Search engine and social media users ‘less satisfied’

Online advertising is a crucial part of marketing for many businesses. However, recent statistics suggest social media and search engine users are becoming frustrated by the amount of paid advertisements, interfering with their online experience.

A survey by the American Customer Satisfaction Index (ASCI), in partnership with Foresee, shows a significant drop in customer satisfaction for E-Business users, which includes social media, search engines, online news and portals. The survey revealed customer satisfaction was at its lowest since 2003, with only 71.3 points out of 100, a considerable decrease from last year’s 74.2.

The overall results indicate that one of the main reasons behind this low score is that users are becoming disgruntled with the amount of paid advertisements. Roughly 20 per cent of search engine and social media patrons say that advertising is disrupting their online experience. It also revealed that more than half of social media users say that they pay no attention to online advertising whatsoever.

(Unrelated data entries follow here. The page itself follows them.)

(* Let $q\in(-\infty,q_1)$ and let $P^{u,+}(q)$, $P^{u,-}(q)$ be the limits of $P_1^u(q-i\eta)$, resp. $P_1^u(q+i\eta)$, as $\eta\downarrow0$ (these are complex conjugate), and define $P^{v,\pm}(q)$ similarly from $P_1^v$. Suppose complex numbers $m(q),n(q),E$ and values $\ell_1(P^{u,\pm}(q))$, $\ell_2(P^{v,\pm}(q))$ satisfy, for both signs $\pm$, $$A(P^{u,\pm}(q),q)\,m(q)+\theta\,n(q)+C(P^{u,\pm}(q),q)\,\ell_1(P^{u,\pm}(q))+E=0,$$ $$B(P^{v,\pm}(q),q)\,m(q)-\theta\,n(q)+D(P^{v,\pm}(q),q)\,\ell_2(P^{v,\pm}(q))-E=0.$$ Put $\alpha=A(P^{u,+}(q),q)$, $\beta=B(P^{v,+}(q),q)$, $\gamma=C(P^{u,+}(q),q)$, $\delta=D(P^{v,+}(q),q)$ (so that $\bar\alpha=A(P^{u,-}(q),q)$ etc.), $\Delta(q)=-(\alpha+\beta)=-\theta(q+P^{u,+}(q)+P^{v,+}(q))$, and assume $\gamma\ne0$, $\delta\neq0$, $\Delta(q)\ne0$. Then, with $L^\pm(q)=\big(\ell_1(P^{u,\pm}(q)),\ell_2(P^{v,\pm}(q))\big)^{T}$, $$L^+(q)=G(q)L^-(q),\qquad G(q)=\frac{1}{\overline{\Delta(q)}}\begin{pmatrix}-\frac{\bar\gamma(\alpha+\bar\beta)}{\gamma}&\frac{\bar\delta(\bar\alpha-\alpha)}{\gamma}\\[2pt]\frac{\bar\gamma(\bar\beta-\beta)}{\delta}&-\frac{\bar\delta(\beta+\bar\alpha)}{\delta}\end{pmatrix}.$$
   Context: $\sigma_1,\sigma_2,\rho$ real with $\sigma_1\sigma_2-\rho^2>0$, $\theta=\frac{\sigma_1+\sigma_2-2\rho}{2}$, $\mu_1,\mu_2,r_1,r_2$ real. $U(p,q)=\theta p^2+\frac{\sigma_2}{2}q^2+(\sigma_2-\rho)pq+(\mu_2-\mu_1)p+\mu_2q$, $V(p,q)=\theta p^2+\frac{\sigma_1}{2}q^2+(\sigma_1-\rho)pq+(\mu_1-\mu_2)p+\mu_1q$; $A(p,q)=\frac{\theta(2p+q)}{2}+\frac{(\sigma_2-\sigma_1)q}{2}+\mu_2-\mu_1$, $B(p,q)=\frac{\theta(2p+q)}{2}+\frac{(\sigma_1-\sigma_2)q}{2}+\mu_1-\mu_2$, $C(p,q)=(1-r_1)p+q$, $D(p,q)=(1-r_2)p+q$. $q_1\le q_2$ are the real roots of $(\rho^2-\sigma_1\sigma_2)q^2+2[\mu_1(\rho-\sigma_2)+\mu_2(\rho-\sigma_1)]q+(\mu_1-\mu_2)^2=0$; $P_1^u$ (resp. $P_1^v$) is the root in $p$ of $U(p,q)=0$ (resp. $V(p,q)=0$) with the smaller real part, analytic on $\mathbb{C}\setminus((-\infty,q_1]\cup[q_2,\infty))$. In the application, $m,n$ are the diagonal Laplace transforms of the stationary density, $E$ a constant, and $\ell_1(p)=\int_{-\infty}^0e^{-pz}\nu_1(z)\mathrm{d}z$, $\ell_2(p)=\int_{-\infty}^0e^{-pz}\nu_2(z)\mathrm{d}z$ (continued meromorphically) for the reflected Brownian motion in the three-quarter plane. *)

theory Defs
  imports "HOL-Analysis.Analysis"
begin

definition theta :: "real \<Rightarrow> real \<Rightarrow> real \<Rightarrow> real" where
  "theta s1 s2 rho = (s1 + s2 - 2 * rho) / 2"

definition Ufun :: "real \<Rightarrow> real \<Rightarrow> real \<Rightarrow> real \<Rightarrow> real \<Rightarrow> complex \<Rightarrow> complex \<Rightarrow> complex" where
  "Ufun s1 s2 rho mu1 mu2 p q =
     of_real (theta s1 s2 rho) * p^2 + of_real (s2 / 2) * q^2 + of_real (s2 - rho) * p * q
     + of_real (mu2 - mu1) * p + of_real mu2 * q"

definition Vfun :: "real \<Rightarrow> real \<Rightarrow> real \<Rightarrow> real \<Rightarrow> real \<Rightarrow> complex \<Rightarrow> complex \<Rightarrow> complex" where
  "Vfun s1 s2 rho mu1 mu2 p q =
     of_real (theta s1 s2 rho) * p^2 + of_real (s1 / 2) * q^2 + of_real (s1 - rho) * p * q
     + of_real (mu1 - mu2) * p + of_real mu1 * q"

definition Afun :: "real \<Rightarrow> real \<Rightarrow> real \<Rightarrow> real \<Rightarrow> real \<Rightarrow> complex \<Rightarrow> complex \<Rightarrow> complex" where
  "Afun s1 s2 rho mu1 mu2 p q =
     of_real (theta s1 s2 rho) * (2 * p + q) / 2 + of_real (s2 - s1) * q / 2 + of_real (mu2 - mu1)"

definition Bfun :: "real \<Rightarrow> real \<Rightarrow> real \<Rightarrow> real \<Rightarrow> real \<Rightarrow> complex \<Rightarrow> complex \<Rightarrow> complex" where
  "Bfun s1 s2 rho mu1 mu2 p q =
     of_real (theta s1 s2 rho) * (2 * p + q) / 2 + of_real (s1 - s2) * q / 2 + of_real (mu1 - mu2)"

definition Cfun :: "real \<Rightarrow> complex \<Rightarrow> complex \<Rightarrow> complex" where
  "Cfun r1 p q = of_real (1 - r1) * p + q"

definition Dfun :: "real \<Rightarrow> complex \<Rightarrow> complex \<Rightarrow> complex" where
  "Dfun r2 p q = of_real (1 - r2) * p + q"

text \<open>The polynomial whose real roots are q1 \<le> q2.\<close>
definition branchpoly :: "real \<Rightarrow> real \<Rightarrow> real \<Rightarrow> real \<Rightarrow> real \<Rightarrow> real \<Rightarrow> real" where
  "branchpoly s1 s2 rho mu1 mu2 q =
     (rho^2 - s1 * s2) * q^2 + 2 * (mu1 * (rho - s2) + mu2 * (rho - s1)) * q + (mu1 - mu2)^2"

definition slit_domain :: "real \<Rightarrow> real \<Rightarrow> complex set" where
  "slit_domain q1 q2 = {z. Im z \<noteq> 0 \<or> (q1 < Re z \<and> Re z < q2)}"

end

theory Submission
  imports Defs
begin

text \<open>The pairs of equations for the two signs form a linear system in the unknowns
  \<open>m\<close>, \<open>\<theta> n + E\<close>, \<open>\<ell>\<^sub>1(P\<^sup>u\<^sup>,\<^sup>+)\<close>, \<open>\<ell>\<^sub>2(P\<^sup>v\<^sup>,\<^sup>+)\<close>, which is solved by elimination once the
  coefficients of the minus-equations are known to be the complex conjugates of those of the
  plus-equations. That is the analytic content: \<open>P\<^sub>1\<^sup>u(q - i\<eta>)\<close> and \<open>P\<^sub>1\<^sup>u(q + i\<eta>)\<close> are both
  roots of the real quadratic \<open>U(\<cdot>, q + i\<eta>)\<close> of minimal real part, so they are conjugate as
  soon as two roots with equal real part must coincide. Two distinct roots with equal real
  part would make the discriminant, which is the branch polynomial evaluated at \<open>q + i\<eta>\<close>,
  real; but its imaginary part is \<open>\<eta>\<close> times the derivative of the branch polynomial at \<open>q\<close>,
  and that derivative is positive left of the roots \<open>q\<^sub>1 \<le> q\<^sub>2\<close> of this downward parabola.\<close>

definition branchpoly_deriv :: "real \<Rightarrow> real \<Rightarrow> real \<Rightarrow> real \<Rightarrow> real \<Rightarrow> real \<Rightarrow> real" where
  "branchpoly_deriv s1 s2 rho mu1 mu2 x =
     2 * (rho^2 - s1 * s2) * x + 2 * (mu1 * (rho - s2) + mu2 * (rho - s1))"

lemma theta_nonzero:
  assumes "s1 * s2 - rho^2 > 0"
  shows "theta s1 s2 rho \<noteq> 0"
proof
  assume "theta s1 s2 rho = 0"
  then have rho: "rho = (s1 + s2) / 2"
    by (simp add: theta_def)
  have "(s1 - s2)^2 = 4 * (rho^2 - s1 * s2)"
    unfolding rho by (simp add: power2_eq_square algebra_simps)
  with assms show False
    by (smt (verit) zero_le_power2)
qed

lemma Vfun_eq_Ufun_swap: "Vfun s1 s2 rho mu1 mu2 = Ufun s2 s1 rho mu2 mu1"
  by (simp add: fun_eq_iff Vfun_def Ufun_def theta_def algebra_simps)

lemma branchpoly_deriv_swap:
  "branchpoly_deriv s2 s1 rho mu2 mu1 x = branchpoly_deriv s1 s2 rho mu1 mu2 x"
  by (simp add: branchpoly_deriv_def algebra_simps)

lemma branchpoly_deriv_pos_below_roots:
  assumes cov: "s1 * s2 - rho^2 > 0"
    and q12: "q1 \<le> q2"
    and roots: "\<forall>x. branchpoly s1 s2 rho mu1 mu2 x = 0 \<longleftrightarrow> x = q1 \<or> x = q2"
    and "q < q1"
  shows "branchpoly_deriv s1 s2 rho mu1 mu2 q > 0"
proof -
  define a where "a = rho^2 - s1 * s2"
  define b where "b = 2 * (mu1 * (rho - s2) + mu2 * (rho - s1))"
  define v where "v = - b / a"
  have "a < 0"
    using cov by (simp add: a_def)
  then have b: "b = - a * v"
    by (simp add: v_def)
  have poly: "branchpoly s1 s2 rho mu1 mu2 x = a * x^2 + b * x + (mu1 - mu2)^2" for x
    by (simp add: branchpoly_def a_def b_def)
  have "branchpoly s1 s2 rho mu1 mu2 (v - x) = branchpoly s1 s2 rho mu1 mu2 x" for x
    unfolding poly b by (simp add: power2_eq_square algebra_simps)
  then have "v - q1 = q1 \<or> v - q1 = q2"
    using roots by metis
  with q12 \<open>q < q1\<close> have "2 * q - v < 0"
    by auto
  have "branchpoly_deriv s1 s2 rho mu1 mu2 q = 2 * a * q + b"
    by (simp add: branchpoly_deriv_def a_def b_def)
  also have "\<dots> = a * (2 * q - v)"
    by (simp add: b algebra_simps)
  finally show ?thesis
    using \<open>a < 0\<close> \<open>2 * q - v < 0\<close> by (simp add: mult_neg_neg)
qed

lemma quadratic_roots_eq_if_Re_eq:
  fixes a :: real and b c x y :: complex
  assumes "a \<noteq> 0"
    and x: "of_real a * x^2 + b * x + c = 0"
    and y: "of_real a * y^2 + b * y + c = 0"
    and "Re x = Re y"
    and disc: "Im (b^2 - 4 * of_real a * c) \<noteq> 0"
  shows "x = y"
proof (rule ccontr)
  assume "x \<noteq> y"
  have "(x - y) * (of_real a * (x + y) + b) = (of_real a * x^2 + b * x + c) - (of_real a * y^2 + b * y + c)"
    by (simp add: algebra_simps power2_eq_square)
  then have "(x - y) * (of_real a * (x + y) + b) = 0"
    using x y by simp
  with \<open>x \<noteq> y\<close> have "of_real a * (x + y) + b = 0"
    by simp
  then have "2 * of_real a * x + b = of_real a * (x - y)"
    by (simp add: algebra_simps add_eq_0_iff2)
  moreover have "(2 * of_real a * x + b)^2 = b^2 - 4 * of_real a * c + 4 * of_real a * (of_real a * x^2 + b * x + c)"
    by (simp add: algebra_simps power2_eq_square)
  moreover have "Im ((of_real a * (x - y))^2) = 0"
    using \<open>Re x = Re y\<close> by (simp add: power2_eq_square)
  ultimately show False
    using disc x by simp
qed

lemma Ufun_roots_eq_if_Re_eq:
  assumes cov: "s1 * s2 - rho^2 > 0"
    and "Im w \<noteq> 0"
    and "branchpoly_deriv s1 s2 rho mu1 mu2 (Re w) \<noteq> 0"
    and "Ufun s1 s2 rho mu1 mu2 x w = 0" "Ufun s1 s2 rho mu1 mu2 y w = 0"
    and "Re x = Re y"
  shows "x = y"
proof -
  define b where "b = of_real (s2 - rho) * w + of_real (mu2 - mu1)"
  define c where "c = of_real (s2 / 2) * w^2 + of_real mu2 * w"
  have U: "Ufun s1 s2 rho mu1 mu2 p w = of_real (theta s1 s2 rho) * p^2 + b * p + c" for p
    by (simp add: Ufun_def b_def c_def algebra_simps)
  \<comment> \<open>the discriminant of \<open>U(\<cdot>, w)\<close> is the branch polynomial at \<open>w\<close>\<close>
  have "Im (b^2 - 4 * of_real (theta s1 s2 rho) * c) = Im w * branchpoly_deriv s1 s2 rho mu1 mu2 (Re w)"
    by (simp add: b_def c_def theta_def branchpoly_deriv_def power2_eq_square field_simps)
  with assms show ?thesis
    using quadratic_roots_eq_if_Re_eq[OF theta_nonzero[OF cov], of x b c y] by (simp add: U)
qed

lemma minimal_root_cnj:
  fixes f :: "complex \<Rightarrow> complex \<Rightarrow> complex"
  assumes f_cnj: "\<And>p z. cnj (f p z) = f (cnj p) (cnj z)"
    and P_root: "\<forall>z\<in>S. f (P z) z = 0 \<and> (\<forall>p. f p z = 0 \<longrightarrow> Re (P z) \<le> Re p)"
    and "z \<in> S" "cnj z \<in> S"
    and unique: "\<And>x y. f x (cnj z) = 0 \<Longrightarrow> f y (cnj z) = 0 \<Longrightarrow> Re x = Re y \<Longrightarrow> x = y"
  shows "P (cnj z) = cnj (P z)"
proof (rule unique)
  show root: "f (P (cnj z)) (cnj z) = 0"
    using P_root \<open>cnj z \<in> S\<close> by blast
  show cnj_root: "f (cnj (P z)) (cnj z) = 0"
    using P_root \<open>z \<in> S\<close> f_cnj[of "P z" z] by simp
  have "f (cnj (P (cnj z))) z = 0"
    using root f_cnj[of "P (cnj z)" "cnj z"] by simp
  then have "Re (P z) \<le> Re (P (cnj z))"
    using P_root \<open>z \<in> S\<close> by fastforce
  moreover have "Re (P (cnj z)) \<le> Re (P z)"
    using P_root \<open>cnj z \<in> S\<close> cnj_root by fastforce
  ultimately show "Re (P (cnj z)) = Re (cnj (P z))"
    by simp
qed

The president and CEO of Foresee, Larry Freed, said: “Most e-businesses begin as a free service to gain traction with consumers and increase market share, but eventually they need to find a way to monetize their business. Unfortunately, consumers generally perceive the increase in advertising as detracting from their online experience.”

Although there was a marked decrease in user satisfaction for popular search engines like Google and Bing, the results for social media platforms were mixed. Google+, Youtube and LinkedIn all suffered a decline in customer satisfaction. In contrast, Facebook, Twitter and Pinterest users seem to be happier with their experience, all increasing since last year. The advertisement-free Wikipedia, holds its place at the top with a high score of 78.

ACSI founder and chairman, Claes Fornell, said: “Companies that can find a way to make money without compromising the customer experience will please both its users and investors.”